The axial slices are modeled by an RDN unit 133. In one embodiment of the present invention, Residual Dilation Network (RDN) unit 133 includes a shrink path and an expand path. In the systolic path, the input axial slice is encoded using an extensive depth residual network (ResNet) with 4 residual blocks. These residual blocks consist of 3, 4, 6, 3 residual blocks, respectively, each with three consecutive convolutional layers, with kernel sizes of 1 × 1, 3 × 3, 1 × 1. Each convolutional layer is followed by a batch normalization layer (BN) for normalizing the output feature map and a modified linear unit (ReLU) for improving sparsity. Furthermore, the last residual block replaces the conventional convolution with a dilation convolution (dilation rate set to 2) so that the effective acceptance domain of the output feature map is larger than the original input image. Between each two adjacent residual blocks, a max-pooling operation is applied to reduce dimensionality while reducing memory requirements. In the extended path, the dimension of the feature map is restored using an upsampling operation, followed by a concatenation with the corresponding level feature map of the contracted path and two 3 × 3 convolutions each with 16 kernels.
For a jump connection between the systolic path and the expanded path, RDN unit 133 incorporates three successive expanded convolutional layers to assemble the feature map from the systolic path, rather than propagating them directly into the expanded path.

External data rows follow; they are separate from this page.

(* Consider the linear regression $X_{n+1}=\theta\phi_n+\varepsilon_{n+1}$, $n\ge0$, with $\theta\in\mathbb{R}$, where $(\phi_n)_{n\ge0}$ is an i.i.d. sequence of real random variables, $(\varepsilon_n)_{n\ge1}$ is an identically distributed sequence with mean $0$ and variance $\sigma^2>0$, and for each $n\ge0$, $\varepsilon_{n+1}$ is independent of $\sigma(\phi_0,\dots,\phi_n,\varepsilon_1,\dots,\varepsilon_n)$. Let $\hat\theta_n=\frac{\sum_{k=1}^n\phi_{k-1}X_k}{\sum_{k=1}^n\phi_{k-1}^2}$ be the least-squares estimator. Let $H(t)=\log\mathbb{E}[\exp(t\phi_n^2)]$ and $L(t)=\log\mathbb{E}[\exp(t\varepsilon_n^2)]$. Assume $L$ is finite on $[0,c]$ for some $c>0$ and let $I(x)=\sup_{0\le t\le c}\{xt-L(t)\}$. Then for all $n\ge1$, $x>0$, $y>0$, $$\mathbb{P}(|\hat\theta_n-\theta|\ge x)\le 2\inf_{p>1}\exp\left(\frac{n}{p}H\left(-\frac{(p-1)x^2}{2\sigma^2(1+y)}\right)\right)+\exp\left(-nI\left(\frac{\sigma^2y}{n}\right)\right).$$ *)

theory Defs
  imports "HOL-Probability.Probability"
begin

definition regX :: "real \<Rightarrow> (nat \<Rightarrow> 'a \<Rightarrow> real) \<Rightarrow> (nat \<Rightarrow> 'a \<Rightarrow> real) \<Rightarrow> nat \<Rightarrow> 'a \<Rightarrow> real" where
  "regX \<theta> \<phi> \<epsilon> k \<omega> = \<theta> * \<phi> (k - 1) \<omega> + \<epsilon> k \<omega>"

text \<open>Least-squares estimator (Isabelle convention: division by 0 gives 0).\<close>
definition lse :: "real \<Rightarrow> (nat \<Rightarrow> 'a \<Rightarrow> real) \<Rightarrow> (nat \<Rightarrow> 'a \<Rightarrow> real) \<Rightarrow> nat \<Rightarrow> 'a \<Rightarrow> real" where
  "lse \<theta> \<phi> \<epsilon> n \<omega> =
     (\<Sum>k=1..n. \<phi> (k - 1) \<omega> * regX \<theta> \<phi> \<epsilon> k \<omega>) / (\<Sum>k=1..n. (\<phi> (k - 1) \<omega>)\<^sup>2)"

definition rv_events :: "'a measure \<Rightarrow> ('a \<Rightarrow> real) \<Rightarrow> 'a set set" where
  "rv_events M f = {f -` A \<inter> space M | A. A \<in> sets borel}"

definition logmgf_sq :: "'a measure \<Rightarrow> ('a \<Rightarrow> real) \<Rightarrow> real \<Rightarrow> real" where
  "logmgf_sq M f t = ln (integral\<^sup>L M (\<lambda>\<omega>. exp (t * (f \<omega>)\<^sup>2)))"

end

theory Submission imports Defs begin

Each dilated convolution contains 16 kernels of 3 x 3 with a dilation rate of 2. The expansion convolution reduces the number of channels and also enlarges the effective acceptance range of the jump connection characteristic, thereby generating the effective global semantic characteristic.
For coronal and sagittal views, the multi-view shape constraint (MVSC) system of the present invention models it using the first and second expanded Unet units 131, 132 and obtains complementary information of calcified lesions. The first expanded Unet unit 131 and the second expanded Unet unit 132 replace the hopping connection of U-Net by expanded convolution to combine the advantages of U-Net and expanded convolution. At the end of the expand UNet, its output is normalized to a range of [0,1] using the Sigmoid layer.

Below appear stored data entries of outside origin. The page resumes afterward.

(* Let $d\ge 2$ and $n\ge 2$ be integers. Let $R=\mathbb{Q}[a_{i,j}:1\le i,j\le n]$ be the polynomial ring in $n^2$ indeterminates, let $A$ be the $n\times n$ matrix with $A_{i,j}=a_{i,j}$, and let $f=(f_1,\dots,f_n)$ with $f_i=x_i-\big(\sum_{j=1}^n a_{i,j}x_j\big)^d\in R[x_1,\dots,x_n]$. Write \[ \mathrm{Jac}(f)=\det\Big(\frac{\partial f_i}{\partial x_j}\Big)_{1\le i,j\le n}=\sum_{\alpha} J_\alpha x^\alpha,\qquad J_\alpha\in R, \] over multi-degrees $\alpha\in\mathbb{Z}_{\ge0}^n$. For integers $1\le k\le n-1$ and $1\le l\le n$, let $\alpha(k,l)$ be the multi-degree with $\alpha_l=k(d-1)$ and $\alpha_i=0$ for $i\ne l$. Then \[ J_{\alpha(k,l)}=(-d)^k\sum_{1\le i_1<i_2<\cdots<i_k\le n}|A|_{(i_1,\ldots,i_k)}\prod_{r=1}^k a_{i_r,l}^{\,d-1}, \] where $|A|_{(i_1,\ldots,i_k)}$ denotes the principal minor of $A$ on rows and columns $i_1,\ldots,i_k$. *)

theory Defs
  imports "HOL-Library.Poly_Mapping" "Jordan_Normal_Form.Determinant"
begin

text \<open>Multivariate polynomials: monomials are finitely supported exponent maps
 'v \<Rightarrow>0 nat, polynomials are finitely supported coefficient maps on monomials
 (multiplication is convolution, as provided by HOL-Library.Poly_Mapping).\<close>

type_synonym ('v, 'r) mpoly = "('v \<Rightarrow>\<^sub>0 nat) \<Rightarrow>\<^sub>0 'r"

text \<open>The base ring R = Q[a_(i,j)], variables indexed by pairs (i,j), 0-based.\<close>
type_synonym R = "(nat \<times> nat, rat) mpoly"

type_synonym RX = "(nat, R) mpoly"

definition mvar :: "'v \<Rightarrow> ('v, 'r::comm_semiring_1) mpoly" where
  "mvar v = Poly_Mapping.single (Poly_Mapping.single v 1) 1"

definition mconst :: "'r \<Rightarrow> ('v, 'r::comm_semiring_1) mpoly" where
  "mconst c = Poly_Mapping.single 0 c"

definition mpderiv :: "'v \<Rightarrow> ('v, 'r::comm_semiring_1) mpoly \<Rightarrow> ('v, 'r) mpoly" where
  "mpderiv v p = (\<Sum>m\<in>Poly_Mapping.keys p.
      Poly_Mapping.single (m - Poly_Mapping.single v 1) (of_nat (Poly_Mapping.lookup m v) * Poly_Mapping.lookup p m))"

definition avar :: "nat \<Rightarrow> nat \<Rightarrow> R" where
  "avar i j = mvar (i, j)"

definition fcomp :: "nat \<Rightarrow> nat \<Rightarrow> nat \<Rightarrow> RX" where
  "fcomp n d i = mvar i - (\<Sum>j<n. mconst (avar i j) * mvar j) ^ d"

definition Jac :: "nat \<Rightarrow> nat \<Rightarrow> RX" where
  "Jac n d = det (mat n n (\<lambda>(i, j). mpderiv j (fcomp n d i)))"

definition principal_minor :: "nat set \<Rightarrow> R" where
  "principal_minor S = (let xs = sorted_list_of_set S in
     det (mat (length xs) (length xs) (\<lambda>(r, s). avar (xs ! r) (xs ! s))))"

end

theory Submission
  imports Defs
begin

The outputs of the first expanded Unet unit 131, the second expanded Unet unit 132, the RDN unit 133 enter the multi-view shape constraint unit 140. Since calcified lesions are usually small, irregular, spanning multiple axial slices; therefore, the multi-view shape constraint unit 140 employs multi-view learning and attention models with shape constraints (multi-view attention models for short) to help the models identify lesions. The prediction graph, which is used as an attention mask, is integrated with the RDN as a backbone branch to form the attention model. The mask branches may enhance the desired features and suppress noise, which may improve the distinguishability of the RDN. Thus, the attention model is defined as:
AMmv(xi,c)=(1+Mcv(xi,c)+Msv(xi,c))*Fav(xi,c) (2)

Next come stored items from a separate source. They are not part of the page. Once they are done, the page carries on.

(* Let $S=(X,X_0,X_S,U,\rightarrow,Y,H)$ be a finite metric system with metric $\mathbf{d}$ on $Y$, let $\delta\geq 0$, and let $S_I=(X_I,X_{I0},U,\rightarrow_I)$ and $S_C=(X_C,X_{C0},U,\rightarrow_C)$ be its $\delta$-approximate initial-state estimator and $\delta$-approximate current-state estimator. Then $S$ is $\delta$-approximate infinite-step opaque if and only if for all $(x,q)\in X_I$ and $(x',q')\in X_C$: $x=x'\in X_S$ implies $q\cap q'\not\subseteq X_S$.
   Context: A system is a tuple $S=(X,X_0,X_S,U,\rightarrow,Y,H)$ with state set $X$, initial states $X_0\subseteq X$, secret states $X_S\subseteq X$, inputs $U$, transition relation $\rightarrow\subseteq X\times U\times X$ (write $x\xrightarrow{u}x'$), outputs $Y$, output map $H:X\to Y$; metric if $Y$ has a metric $\mathbf{d}$, finite if $X,U$ are finite. $S$ is $\delta$-approximate infinite-step opaque if for every $x_0\in X_0$, every finite run $x_0\xrightarrow{u_1}x_1\cdots\xrightarrow{u_n}x_n$ and every $k\in\{0,\dots,n\}$ with $x_k\in X_S$, there exist $x_0'\in X_0$ and a finite run $x_0'\xrightarrow{u_1'}x_1'\cdots\xrightarrow{u_n'}x_n'$ (inputs arbitrary) with $x_k'\in X\setminus X_S$ and $\max_{0\le i\le n}\mathbf{d}(H(x_i),H(x_i'))\leq\delta$. Let $\mathbf{Pre}_u(x)=\{x'':x''\xrightarrow{u}x\}$, $\mathbf{Post}_u(x)=\{x':x\xrightarrow{u}x'\}$, extended to sets by union. $S_I$: initial states $X_{I0}=\{(x,q)\in X\times 2^X: q=\{x'\in X:\mathbf{d}(H(x),H(x'))\leq\delta\}\}$; $(x,q)\xrightarrow{u}_I(x',q')$ iff $(x',u,x)\in\rightarrow$ and $q'=\bigcup_{\hat u\in U}\mathbf{Pre}_{\hat u}(q)\cap\{x''\in X:\mathbf{d}(H(x'),H(x''))\leq\delta\}$; $X_I$ = states reachable from $X_{I0}$. $S_C$: initial states $X_{C0}=\{(x,q)\in X_0\times 2^{X_0}: q=\{x'\in X_0:\mathbf{d}(H(x),H(x'))\leq\delta\}\}$; $(x,q)\xrightarrow{u}_C(x',q')$ iff $(x,u,x')\in\rightarrow$ and $q'=\bigcup_{\hat u\in U}\mathbf{Post}_{\hat u}(q)\cap\{x''\in X:\mathbf{d}(H(x'),H(x''))\leq\delta\}$; $X_C$ = states reachable from $X_{C0}$. *)

theory Defs
  imports "HOL-Analysis.Analysis"
begin

text \<open>A system S = (X, X0, XS, U, T, Y, H); the transition relation T is a set of
  triples (x, u, x'), meaning x --u--> x'.\<close>

definition is_system ::
  "'x set \<Rightarrow> 'x set \<Rightarrow> 'x set \<Rightarrow> 'u set \<Rightarrow> ('x \<times> 'u \<times> 'x) set \<Rightarrow> 'y set \<Rightarrow> ('x \<Rightarrow> 'y) \<Rightarrow> bool"
  where "is_system X X0 XS U T Y H \<longleftrightarrow>
     X0 \<subseteq> X \<and> XS \<subseteq> X \<and> T \<subseteq> X \<times> U \<times> X \<and> (\<forall>x\<in>X. H x \<in> Y)"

where i and c indicate the indices, x, of all spatial locations and channels, respectivelyi,cA feature vector indicating the ith spatial position the c-th channel. M is a group ofcv(xi,c) And Msv(xi,c) The prediction maps for coronal and sagittal slices are shown, respectively. Fav(xi,c) An output prediction graph of the RDN is shown. AM (amplitude modulation)mv(xi,c) Representing multi-view attention model learningThe method is characterized in that.
Fig. 2 shows a schematic block diagram of the multi-view shape constraint unit 140 according to an embodiment of the present invention. As shown in fig. 2, the multi-view shape constraint unit includes a first addition unit 210, a multiplication unit 220, and a second addition unit 230. The first addition unit 210 adds the prediction maps output by the first expanded Unet unit 131 and the second expanded Unet unit 132, and outputs the result to the multiplication unit 220. The multiplication unit 220 multiplies the output result of the first addition unit 210 by the prediction map output by the RDN unit 133, and outputs the result to the second addition unit 230. The second addition unit 230 adds the output result of the multiplication unit 220 and the prediction map output by the RDN unit 133, and outputs the result to the multitask learning unit 150.
The multitask learning unit 150 utilizes the output of the multiview attention model in combination with the segmentation unit and the regression unit to estimate the associated calcification index. FIG. 3 shows a schematic structural diagram of a multitasking learning unit according to one embodiment of the present invention. As shown in fig. 3, the multitask learning unit includes a concatenation unit 310, a segmentation unit 320, and a regression unit 330.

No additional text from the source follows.